** Your objective **
From the entries below, please output exactly the lines starting at the one containing "sig p \<longleftrightarrow>" and ending at the one containing "[dirx s, dirx", both included.

- - - -

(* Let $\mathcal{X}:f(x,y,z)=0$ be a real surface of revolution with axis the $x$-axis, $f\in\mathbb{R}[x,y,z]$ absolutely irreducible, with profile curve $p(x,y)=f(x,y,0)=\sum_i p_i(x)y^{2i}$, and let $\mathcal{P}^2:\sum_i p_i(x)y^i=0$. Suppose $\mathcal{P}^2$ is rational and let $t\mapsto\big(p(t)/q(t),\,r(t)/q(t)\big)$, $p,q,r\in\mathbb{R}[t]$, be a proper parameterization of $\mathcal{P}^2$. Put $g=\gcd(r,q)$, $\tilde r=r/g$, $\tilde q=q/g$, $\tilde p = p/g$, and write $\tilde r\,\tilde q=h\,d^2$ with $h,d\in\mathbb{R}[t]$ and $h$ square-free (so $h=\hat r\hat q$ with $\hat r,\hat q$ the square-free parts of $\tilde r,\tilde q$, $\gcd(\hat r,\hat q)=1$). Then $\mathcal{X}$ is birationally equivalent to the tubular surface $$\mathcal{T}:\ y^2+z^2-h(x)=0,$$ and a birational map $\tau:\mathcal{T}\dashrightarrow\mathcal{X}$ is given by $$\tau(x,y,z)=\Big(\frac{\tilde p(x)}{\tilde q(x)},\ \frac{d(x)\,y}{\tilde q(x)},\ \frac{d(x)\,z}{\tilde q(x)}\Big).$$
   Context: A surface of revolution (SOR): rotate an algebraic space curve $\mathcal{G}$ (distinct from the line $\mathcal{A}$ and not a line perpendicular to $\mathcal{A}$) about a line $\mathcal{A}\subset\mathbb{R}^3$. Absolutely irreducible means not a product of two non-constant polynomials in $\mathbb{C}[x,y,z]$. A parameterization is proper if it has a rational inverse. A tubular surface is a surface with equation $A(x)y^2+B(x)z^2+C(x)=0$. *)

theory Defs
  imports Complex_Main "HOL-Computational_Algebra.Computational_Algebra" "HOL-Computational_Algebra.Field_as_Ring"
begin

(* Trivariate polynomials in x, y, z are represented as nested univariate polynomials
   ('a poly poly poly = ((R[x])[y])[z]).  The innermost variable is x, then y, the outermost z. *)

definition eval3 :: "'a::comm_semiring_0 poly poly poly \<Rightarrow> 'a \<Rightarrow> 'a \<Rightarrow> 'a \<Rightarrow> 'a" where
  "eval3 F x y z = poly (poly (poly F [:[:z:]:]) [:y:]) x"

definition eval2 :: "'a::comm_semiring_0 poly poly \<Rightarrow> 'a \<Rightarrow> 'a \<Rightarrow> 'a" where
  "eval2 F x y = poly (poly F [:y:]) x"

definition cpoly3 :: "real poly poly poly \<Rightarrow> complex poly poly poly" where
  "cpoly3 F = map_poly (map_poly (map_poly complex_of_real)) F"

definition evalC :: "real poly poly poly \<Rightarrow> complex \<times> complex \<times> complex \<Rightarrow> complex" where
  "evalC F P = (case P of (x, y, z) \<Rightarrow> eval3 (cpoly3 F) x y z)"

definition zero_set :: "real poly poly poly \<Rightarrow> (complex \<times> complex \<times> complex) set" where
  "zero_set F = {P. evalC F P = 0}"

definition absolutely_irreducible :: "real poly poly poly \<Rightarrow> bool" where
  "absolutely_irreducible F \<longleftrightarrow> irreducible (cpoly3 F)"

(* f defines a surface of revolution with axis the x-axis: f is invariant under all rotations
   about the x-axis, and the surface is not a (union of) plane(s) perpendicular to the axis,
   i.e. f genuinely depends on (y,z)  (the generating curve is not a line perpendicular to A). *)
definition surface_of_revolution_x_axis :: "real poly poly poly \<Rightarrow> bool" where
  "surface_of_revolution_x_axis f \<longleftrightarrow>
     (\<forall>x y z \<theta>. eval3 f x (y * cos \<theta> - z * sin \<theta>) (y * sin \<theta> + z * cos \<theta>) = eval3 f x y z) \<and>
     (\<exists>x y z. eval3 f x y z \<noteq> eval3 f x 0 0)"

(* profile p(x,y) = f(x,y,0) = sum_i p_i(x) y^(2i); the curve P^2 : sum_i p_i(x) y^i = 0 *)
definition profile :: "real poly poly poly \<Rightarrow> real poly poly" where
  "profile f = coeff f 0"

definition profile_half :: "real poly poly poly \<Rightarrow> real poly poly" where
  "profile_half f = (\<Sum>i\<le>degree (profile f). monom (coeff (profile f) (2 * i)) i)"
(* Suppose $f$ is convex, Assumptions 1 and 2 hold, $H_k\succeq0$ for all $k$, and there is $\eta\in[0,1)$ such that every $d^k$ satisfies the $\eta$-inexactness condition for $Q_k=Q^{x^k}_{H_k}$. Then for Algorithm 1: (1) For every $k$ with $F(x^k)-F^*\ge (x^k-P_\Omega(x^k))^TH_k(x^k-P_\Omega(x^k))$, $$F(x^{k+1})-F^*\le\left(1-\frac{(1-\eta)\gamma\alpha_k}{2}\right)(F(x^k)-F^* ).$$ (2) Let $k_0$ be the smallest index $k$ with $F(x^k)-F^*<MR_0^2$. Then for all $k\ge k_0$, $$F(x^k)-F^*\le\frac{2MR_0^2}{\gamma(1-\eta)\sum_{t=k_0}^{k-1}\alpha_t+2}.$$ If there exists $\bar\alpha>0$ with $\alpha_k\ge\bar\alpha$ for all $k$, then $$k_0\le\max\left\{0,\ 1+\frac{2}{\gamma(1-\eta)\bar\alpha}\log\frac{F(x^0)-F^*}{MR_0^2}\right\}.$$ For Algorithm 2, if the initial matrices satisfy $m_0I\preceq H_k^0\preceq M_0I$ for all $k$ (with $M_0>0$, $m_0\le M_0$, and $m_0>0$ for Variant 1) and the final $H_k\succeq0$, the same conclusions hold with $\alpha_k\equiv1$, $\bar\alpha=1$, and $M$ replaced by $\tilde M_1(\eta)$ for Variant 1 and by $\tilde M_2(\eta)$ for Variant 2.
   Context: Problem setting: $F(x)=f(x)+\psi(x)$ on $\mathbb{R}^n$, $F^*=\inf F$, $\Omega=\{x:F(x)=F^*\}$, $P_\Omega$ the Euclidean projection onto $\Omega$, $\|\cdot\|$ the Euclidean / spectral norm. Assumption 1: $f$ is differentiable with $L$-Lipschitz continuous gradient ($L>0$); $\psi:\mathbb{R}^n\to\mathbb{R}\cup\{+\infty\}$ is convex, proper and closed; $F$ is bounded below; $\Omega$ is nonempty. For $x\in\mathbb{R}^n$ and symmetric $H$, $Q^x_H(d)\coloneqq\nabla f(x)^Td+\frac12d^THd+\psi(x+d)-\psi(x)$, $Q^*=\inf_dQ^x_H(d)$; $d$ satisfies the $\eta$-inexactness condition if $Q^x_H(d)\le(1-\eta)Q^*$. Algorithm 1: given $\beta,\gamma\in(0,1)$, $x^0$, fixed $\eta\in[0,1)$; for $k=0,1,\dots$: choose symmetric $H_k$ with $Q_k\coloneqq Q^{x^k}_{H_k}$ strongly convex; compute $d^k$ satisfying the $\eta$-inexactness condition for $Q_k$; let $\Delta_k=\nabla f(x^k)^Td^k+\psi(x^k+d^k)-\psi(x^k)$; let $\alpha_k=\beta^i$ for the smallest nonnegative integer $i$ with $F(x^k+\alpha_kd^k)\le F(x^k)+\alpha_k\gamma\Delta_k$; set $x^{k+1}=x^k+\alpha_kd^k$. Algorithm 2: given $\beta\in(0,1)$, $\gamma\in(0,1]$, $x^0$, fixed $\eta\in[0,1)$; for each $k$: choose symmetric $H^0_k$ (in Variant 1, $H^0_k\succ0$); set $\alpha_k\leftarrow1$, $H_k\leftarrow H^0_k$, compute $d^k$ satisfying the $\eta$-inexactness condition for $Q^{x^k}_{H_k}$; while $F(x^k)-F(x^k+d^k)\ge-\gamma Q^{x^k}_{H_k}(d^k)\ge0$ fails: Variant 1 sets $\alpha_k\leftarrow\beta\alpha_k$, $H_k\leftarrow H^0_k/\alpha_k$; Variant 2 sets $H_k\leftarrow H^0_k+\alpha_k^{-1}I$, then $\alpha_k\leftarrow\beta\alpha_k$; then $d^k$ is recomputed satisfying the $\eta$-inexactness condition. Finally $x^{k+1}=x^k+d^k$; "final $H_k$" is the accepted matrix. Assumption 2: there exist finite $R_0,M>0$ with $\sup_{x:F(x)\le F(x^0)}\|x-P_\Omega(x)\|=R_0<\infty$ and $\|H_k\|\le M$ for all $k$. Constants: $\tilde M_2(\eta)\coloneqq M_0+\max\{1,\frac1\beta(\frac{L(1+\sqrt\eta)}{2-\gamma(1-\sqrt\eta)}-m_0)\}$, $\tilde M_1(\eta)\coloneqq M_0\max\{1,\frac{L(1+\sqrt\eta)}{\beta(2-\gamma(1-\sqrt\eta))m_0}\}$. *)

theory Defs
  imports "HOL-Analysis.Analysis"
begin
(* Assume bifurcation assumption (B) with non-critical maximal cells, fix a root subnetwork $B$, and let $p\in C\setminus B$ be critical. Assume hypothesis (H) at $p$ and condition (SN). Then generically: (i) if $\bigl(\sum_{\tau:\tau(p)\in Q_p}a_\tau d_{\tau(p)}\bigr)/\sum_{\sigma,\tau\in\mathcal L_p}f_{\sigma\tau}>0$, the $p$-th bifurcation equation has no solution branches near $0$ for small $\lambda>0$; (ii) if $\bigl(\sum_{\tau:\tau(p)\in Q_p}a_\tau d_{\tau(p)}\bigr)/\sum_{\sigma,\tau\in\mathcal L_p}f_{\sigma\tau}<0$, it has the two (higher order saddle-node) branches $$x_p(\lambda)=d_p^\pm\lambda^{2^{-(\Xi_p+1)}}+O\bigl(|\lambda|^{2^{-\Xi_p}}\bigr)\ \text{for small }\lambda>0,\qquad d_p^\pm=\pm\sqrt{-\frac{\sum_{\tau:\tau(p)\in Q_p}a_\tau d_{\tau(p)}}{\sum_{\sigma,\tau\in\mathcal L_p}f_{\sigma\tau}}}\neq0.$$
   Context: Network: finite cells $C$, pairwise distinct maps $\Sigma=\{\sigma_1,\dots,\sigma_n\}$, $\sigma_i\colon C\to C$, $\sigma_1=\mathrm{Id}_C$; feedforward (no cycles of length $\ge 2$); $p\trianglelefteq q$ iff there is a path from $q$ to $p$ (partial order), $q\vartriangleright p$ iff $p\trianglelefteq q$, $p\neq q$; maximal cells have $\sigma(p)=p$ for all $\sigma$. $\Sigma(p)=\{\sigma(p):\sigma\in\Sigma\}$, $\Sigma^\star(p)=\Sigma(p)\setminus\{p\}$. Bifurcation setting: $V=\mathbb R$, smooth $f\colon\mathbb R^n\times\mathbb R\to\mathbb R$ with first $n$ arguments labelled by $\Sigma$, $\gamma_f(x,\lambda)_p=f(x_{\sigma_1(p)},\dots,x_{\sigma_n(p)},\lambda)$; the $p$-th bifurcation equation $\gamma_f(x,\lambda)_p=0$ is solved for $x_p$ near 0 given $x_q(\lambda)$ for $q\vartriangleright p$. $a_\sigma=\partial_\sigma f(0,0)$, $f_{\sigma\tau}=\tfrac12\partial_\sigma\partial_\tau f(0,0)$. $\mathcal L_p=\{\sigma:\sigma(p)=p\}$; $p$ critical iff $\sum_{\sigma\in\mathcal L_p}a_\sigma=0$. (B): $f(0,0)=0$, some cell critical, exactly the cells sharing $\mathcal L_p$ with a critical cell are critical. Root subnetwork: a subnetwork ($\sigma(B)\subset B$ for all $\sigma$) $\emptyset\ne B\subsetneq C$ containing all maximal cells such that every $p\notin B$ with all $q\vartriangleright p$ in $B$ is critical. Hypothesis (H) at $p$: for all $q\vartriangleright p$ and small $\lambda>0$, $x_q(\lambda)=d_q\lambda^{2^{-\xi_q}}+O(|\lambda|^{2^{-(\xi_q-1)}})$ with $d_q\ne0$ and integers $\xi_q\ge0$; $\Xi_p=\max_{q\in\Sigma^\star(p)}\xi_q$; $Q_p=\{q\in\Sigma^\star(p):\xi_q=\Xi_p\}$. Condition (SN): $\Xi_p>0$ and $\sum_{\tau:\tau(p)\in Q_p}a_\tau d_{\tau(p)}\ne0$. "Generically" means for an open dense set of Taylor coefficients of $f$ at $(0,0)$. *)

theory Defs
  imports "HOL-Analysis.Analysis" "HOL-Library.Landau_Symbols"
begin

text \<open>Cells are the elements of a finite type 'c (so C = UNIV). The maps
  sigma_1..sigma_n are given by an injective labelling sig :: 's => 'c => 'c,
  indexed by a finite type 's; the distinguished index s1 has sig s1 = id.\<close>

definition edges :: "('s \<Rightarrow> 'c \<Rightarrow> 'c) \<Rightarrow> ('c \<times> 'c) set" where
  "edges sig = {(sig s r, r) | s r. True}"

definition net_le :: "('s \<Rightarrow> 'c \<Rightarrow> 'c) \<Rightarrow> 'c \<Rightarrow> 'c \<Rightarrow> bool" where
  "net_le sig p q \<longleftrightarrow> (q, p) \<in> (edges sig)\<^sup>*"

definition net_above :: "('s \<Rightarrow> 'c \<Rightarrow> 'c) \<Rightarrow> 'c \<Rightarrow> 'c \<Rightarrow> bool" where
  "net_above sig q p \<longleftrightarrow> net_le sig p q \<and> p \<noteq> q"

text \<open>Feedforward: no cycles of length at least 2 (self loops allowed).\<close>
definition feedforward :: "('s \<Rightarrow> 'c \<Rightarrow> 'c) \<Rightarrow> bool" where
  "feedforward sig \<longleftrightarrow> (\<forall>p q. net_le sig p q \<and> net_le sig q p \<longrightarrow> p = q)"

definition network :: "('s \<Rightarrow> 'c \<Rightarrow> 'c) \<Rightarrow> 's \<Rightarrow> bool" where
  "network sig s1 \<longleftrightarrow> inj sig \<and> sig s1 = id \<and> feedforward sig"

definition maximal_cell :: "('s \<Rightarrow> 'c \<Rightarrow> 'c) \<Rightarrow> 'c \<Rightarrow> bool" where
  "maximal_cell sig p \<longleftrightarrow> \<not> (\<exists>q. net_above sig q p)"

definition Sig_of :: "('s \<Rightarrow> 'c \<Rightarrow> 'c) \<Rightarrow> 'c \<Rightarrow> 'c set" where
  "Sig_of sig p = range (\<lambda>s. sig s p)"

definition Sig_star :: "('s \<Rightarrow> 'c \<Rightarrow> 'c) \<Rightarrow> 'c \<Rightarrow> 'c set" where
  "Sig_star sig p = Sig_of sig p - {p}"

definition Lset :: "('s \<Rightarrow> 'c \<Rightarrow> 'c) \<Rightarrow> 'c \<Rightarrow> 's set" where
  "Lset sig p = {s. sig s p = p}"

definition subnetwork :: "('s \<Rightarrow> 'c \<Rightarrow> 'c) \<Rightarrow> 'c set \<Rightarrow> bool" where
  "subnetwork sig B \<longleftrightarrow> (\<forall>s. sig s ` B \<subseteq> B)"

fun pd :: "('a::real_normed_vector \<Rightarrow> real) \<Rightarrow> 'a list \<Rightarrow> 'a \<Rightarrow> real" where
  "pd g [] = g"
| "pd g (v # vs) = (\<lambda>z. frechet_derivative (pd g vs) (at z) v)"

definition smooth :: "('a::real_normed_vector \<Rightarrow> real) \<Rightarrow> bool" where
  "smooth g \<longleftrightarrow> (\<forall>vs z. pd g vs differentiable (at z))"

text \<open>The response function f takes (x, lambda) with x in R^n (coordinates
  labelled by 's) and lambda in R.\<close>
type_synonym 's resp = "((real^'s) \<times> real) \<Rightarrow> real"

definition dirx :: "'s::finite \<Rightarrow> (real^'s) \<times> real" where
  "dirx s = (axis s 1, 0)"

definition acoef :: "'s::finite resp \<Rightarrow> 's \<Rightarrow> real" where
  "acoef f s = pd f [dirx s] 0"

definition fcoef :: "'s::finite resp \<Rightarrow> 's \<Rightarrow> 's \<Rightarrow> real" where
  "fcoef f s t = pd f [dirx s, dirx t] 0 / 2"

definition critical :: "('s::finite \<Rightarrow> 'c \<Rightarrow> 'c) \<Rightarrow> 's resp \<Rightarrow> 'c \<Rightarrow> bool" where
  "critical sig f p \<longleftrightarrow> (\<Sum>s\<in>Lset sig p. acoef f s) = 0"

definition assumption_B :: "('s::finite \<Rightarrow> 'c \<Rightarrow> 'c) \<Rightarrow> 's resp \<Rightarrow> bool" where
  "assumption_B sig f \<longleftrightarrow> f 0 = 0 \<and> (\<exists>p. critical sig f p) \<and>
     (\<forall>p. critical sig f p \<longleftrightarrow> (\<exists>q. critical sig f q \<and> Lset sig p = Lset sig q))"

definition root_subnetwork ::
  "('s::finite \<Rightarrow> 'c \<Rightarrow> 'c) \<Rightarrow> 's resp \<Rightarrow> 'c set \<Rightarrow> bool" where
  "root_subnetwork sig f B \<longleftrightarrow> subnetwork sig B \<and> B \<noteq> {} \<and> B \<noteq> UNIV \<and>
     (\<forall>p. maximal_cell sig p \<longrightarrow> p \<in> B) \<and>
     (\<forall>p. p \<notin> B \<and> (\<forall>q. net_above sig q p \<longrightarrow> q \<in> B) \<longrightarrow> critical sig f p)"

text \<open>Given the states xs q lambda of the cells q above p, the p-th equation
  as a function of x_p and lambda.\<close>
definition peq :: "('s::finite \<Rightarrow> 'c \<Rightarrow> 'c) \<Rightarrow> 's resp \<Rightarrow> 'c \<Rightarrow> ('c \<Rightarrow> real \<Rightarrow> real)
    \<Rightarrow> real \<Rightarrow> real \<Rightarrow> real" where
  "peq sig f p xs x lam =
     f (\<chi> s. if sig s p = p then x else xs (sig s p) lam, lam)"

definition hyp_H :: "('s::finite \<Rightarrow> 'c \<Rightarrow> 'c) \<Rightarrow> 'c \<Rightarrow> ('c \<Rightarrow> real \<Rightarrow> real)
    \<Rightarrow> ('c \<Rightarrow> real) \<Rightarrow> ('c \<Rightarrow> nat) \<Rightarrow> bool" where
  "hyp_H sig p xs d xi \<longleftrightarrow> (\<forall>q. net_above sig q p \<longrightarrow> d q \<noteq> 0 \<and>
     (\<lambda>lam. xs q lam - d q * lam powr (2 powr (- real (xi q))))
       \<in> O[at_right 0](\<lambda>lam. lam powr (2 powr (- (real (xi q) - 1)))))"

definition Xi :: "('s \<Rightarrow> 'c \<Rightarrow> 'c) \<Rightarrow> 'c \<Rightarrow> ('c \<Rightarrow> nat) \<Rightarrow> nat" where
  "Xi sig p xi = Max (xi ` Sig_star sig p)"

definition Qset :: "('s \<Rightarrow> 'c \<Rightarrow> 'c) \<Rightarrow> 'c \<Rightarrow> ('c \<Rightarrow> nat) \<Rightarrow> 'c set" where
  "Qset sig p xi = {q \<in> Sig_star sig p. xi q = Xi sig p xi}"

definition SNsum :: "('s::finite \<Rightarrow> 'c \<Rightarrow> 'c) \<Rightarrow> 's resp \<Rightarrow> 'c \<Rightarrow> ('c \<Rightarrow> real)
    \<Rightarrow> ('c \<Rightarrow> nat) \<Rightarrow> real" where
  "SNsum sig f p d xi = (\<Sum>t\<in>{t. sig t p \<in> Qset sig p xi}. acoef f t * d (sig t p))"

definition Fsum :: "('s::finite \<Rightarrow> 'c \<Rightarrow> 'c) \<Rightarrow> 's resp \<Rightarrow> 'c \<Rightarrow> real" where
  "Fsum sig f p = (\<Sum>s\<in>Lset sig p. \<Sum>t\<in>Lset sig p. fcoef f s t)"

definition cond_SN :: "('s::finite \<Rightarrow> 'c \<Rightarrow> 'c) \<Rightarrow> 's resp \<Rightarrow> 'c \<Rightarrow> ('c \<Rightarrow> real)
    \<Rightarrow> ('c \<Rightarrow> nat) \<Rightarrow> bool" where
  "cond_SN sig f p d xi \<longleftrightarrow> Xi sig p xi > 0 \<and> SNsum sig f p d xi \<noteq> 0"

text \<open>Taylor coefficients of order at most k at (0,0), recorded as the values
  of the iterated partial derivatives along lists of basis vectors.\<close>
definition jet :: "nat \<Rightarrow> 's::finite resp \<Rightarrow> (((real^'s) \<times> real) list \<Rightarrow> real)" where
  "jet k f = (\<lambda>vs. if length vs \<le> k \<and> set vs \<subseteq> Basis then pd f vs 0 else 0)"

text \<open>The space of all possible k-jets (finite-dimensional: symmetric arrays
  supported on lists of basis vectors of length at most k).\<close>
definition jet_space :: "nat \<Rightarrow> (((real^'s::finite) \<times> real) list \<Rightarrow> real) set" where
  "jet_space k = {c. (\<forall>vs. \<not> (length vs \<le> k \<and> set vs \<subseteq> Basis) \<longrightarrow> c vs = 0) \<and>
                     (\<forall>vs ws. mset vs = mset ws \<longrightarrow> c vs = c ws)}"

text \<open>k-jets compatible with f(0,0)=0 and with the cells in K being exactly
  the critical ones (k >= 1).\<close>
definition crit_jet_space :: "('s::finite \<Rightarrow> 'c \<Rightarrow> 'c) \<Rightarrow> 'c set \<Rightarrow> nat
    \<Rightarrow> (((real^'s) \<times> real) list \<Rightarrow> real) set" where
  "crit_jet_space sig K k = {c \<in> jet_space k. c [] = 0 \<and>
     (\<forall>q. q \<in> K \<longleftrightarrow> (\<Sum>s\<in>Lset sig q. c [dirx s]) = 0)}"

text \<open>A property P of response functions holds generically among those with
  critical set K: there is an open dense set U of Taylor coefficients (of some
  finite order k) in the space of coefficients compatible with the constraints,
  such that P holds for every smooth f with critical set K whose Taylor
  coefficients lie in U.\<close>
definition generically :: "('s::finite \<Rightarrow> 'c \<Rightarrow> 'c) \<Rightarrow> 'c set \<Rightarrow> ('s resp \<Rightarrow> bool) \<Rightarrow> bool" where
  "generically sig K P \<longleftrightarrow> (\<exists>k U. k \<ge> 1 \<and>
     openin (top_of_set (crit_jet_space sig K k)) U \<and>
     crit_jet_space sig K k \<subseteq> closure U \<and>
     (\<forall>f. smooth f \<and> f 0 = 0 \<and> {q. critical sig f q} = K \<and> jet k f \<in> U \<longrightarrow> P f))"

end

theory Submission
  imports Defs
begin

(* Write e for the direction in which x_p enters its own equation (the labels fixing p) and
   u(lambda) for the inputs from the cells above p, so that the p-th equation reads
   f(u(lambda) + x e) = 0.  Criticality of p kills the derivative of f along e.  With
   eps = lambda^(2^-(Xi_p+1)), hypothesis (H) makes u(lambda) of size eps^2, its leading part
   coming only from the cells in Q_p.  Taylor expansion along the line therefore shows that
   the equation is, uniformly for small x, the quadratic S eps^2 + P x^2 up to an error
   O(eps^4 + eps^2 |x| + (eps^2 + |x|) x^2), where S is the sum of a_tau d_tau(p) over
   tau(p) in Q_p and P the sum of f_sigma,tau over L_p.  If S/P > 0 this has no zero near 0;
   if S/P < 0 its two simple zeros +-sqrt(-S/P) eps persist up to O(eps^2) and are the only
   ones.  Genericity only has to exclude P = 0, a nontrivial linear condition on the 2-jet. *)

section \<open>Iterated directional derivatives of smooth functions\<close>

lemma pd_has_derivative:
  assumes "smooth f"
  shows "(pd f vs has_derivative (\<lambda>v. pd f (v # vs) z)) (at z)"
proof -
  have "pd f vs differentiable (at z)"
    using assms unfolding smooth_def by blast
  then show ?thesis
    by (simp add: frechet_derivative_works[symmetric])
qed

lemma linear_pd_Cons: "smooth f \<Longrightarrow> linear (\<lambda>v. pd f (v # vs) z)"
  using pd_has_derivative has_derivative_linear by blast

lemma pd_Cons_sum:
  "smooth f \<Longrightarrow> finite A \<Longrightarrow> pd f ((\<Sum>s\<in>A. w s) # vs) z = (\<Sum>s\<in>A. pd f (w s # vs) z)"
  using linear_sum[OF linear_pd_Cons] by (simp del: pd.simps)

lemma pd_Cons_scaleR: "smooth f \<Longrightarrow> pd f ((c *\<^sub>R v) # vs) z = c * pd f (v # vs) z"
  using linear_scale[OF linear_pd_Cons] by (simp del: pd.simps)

- - - -

** Exercise solution **
  "maximal_cell sig p \<longleftrightarrow> \<not> (\<exists>q. net_above sig q p)"

definition Sig_of :: "('s \<Rightarrow> 'c \<Rightarrow> 'c) \<Rightarrow> 'c \<Rightarrow> 'c set" where
  "Sig_of sig p = range (\<lambda>s. sig s p)"

definition Sig_star :: "('s \<Rightarrow> 'c \<Rightarrow> 'c) \<Rightarrow> 'c \<Rightarrow> 'c set" where
  "Sig_star sig p = Sig_of sig p - {p}"

definition Lset :: "('s \<Rightarrow> 'c \<Rightarrow> 'c) \<Rightarrow> 'c \<Rightarrow> 's set" where
  "Lset sig p = {s. sig s p = p}"

definition subnetwork :: "('s \<Rightarrow> 'c \<Rightarrow> 'c) \<Rightarrow> 'c set \<Rightarrow> bool" where
  "subnetwork sig B \<longleftrightarrow> (\<forall>s. sig s ` B \<subseteq> B)"

fun pd :: "('a::real_normed_vector \<Rightarrow> real) \<Rightarrow> 'a list \<Rightarrow> 'a \<Rightarrow> real" where
  "pd g [] = g"
| "pd g (v # vs) = (\<lambda>z. frechet_derivative (pd g vs) (at z) v)"

definition smooth :: "('a::real_normed_vector \<Rightarrow> real) \<Rightarrow> bool" where
  "smooth g \<longleftrightarrow> (\<forall>vs z. pd g vs differentiable (at z))"

text \<open>The response function f takes (x, lambda) with x in R^n (coordinates
  labelled by 's) and lambda in R.\<close>
type_synonym 's resp = "((real^'s) \<times> real) \<Rightarrow> real"

definition dirx :: "'s::finite \<Rightarrow> (real^'s) \<times> real" where
  "dirx s = (axis s 1, 0)"

definition acoef :: "'s::finite resp \<Rightarrow> 's \<Rightarrow> real" where
  "acoef f s = pd f [dirx s] 0"

definition fcoef :: "'s::finite resp \<Rightarrow> 's \<Rightarrow> 's \<Rightarrow> real" where
  "fcoef f s t = pd f [dirx s, dirx t] 0 / 2"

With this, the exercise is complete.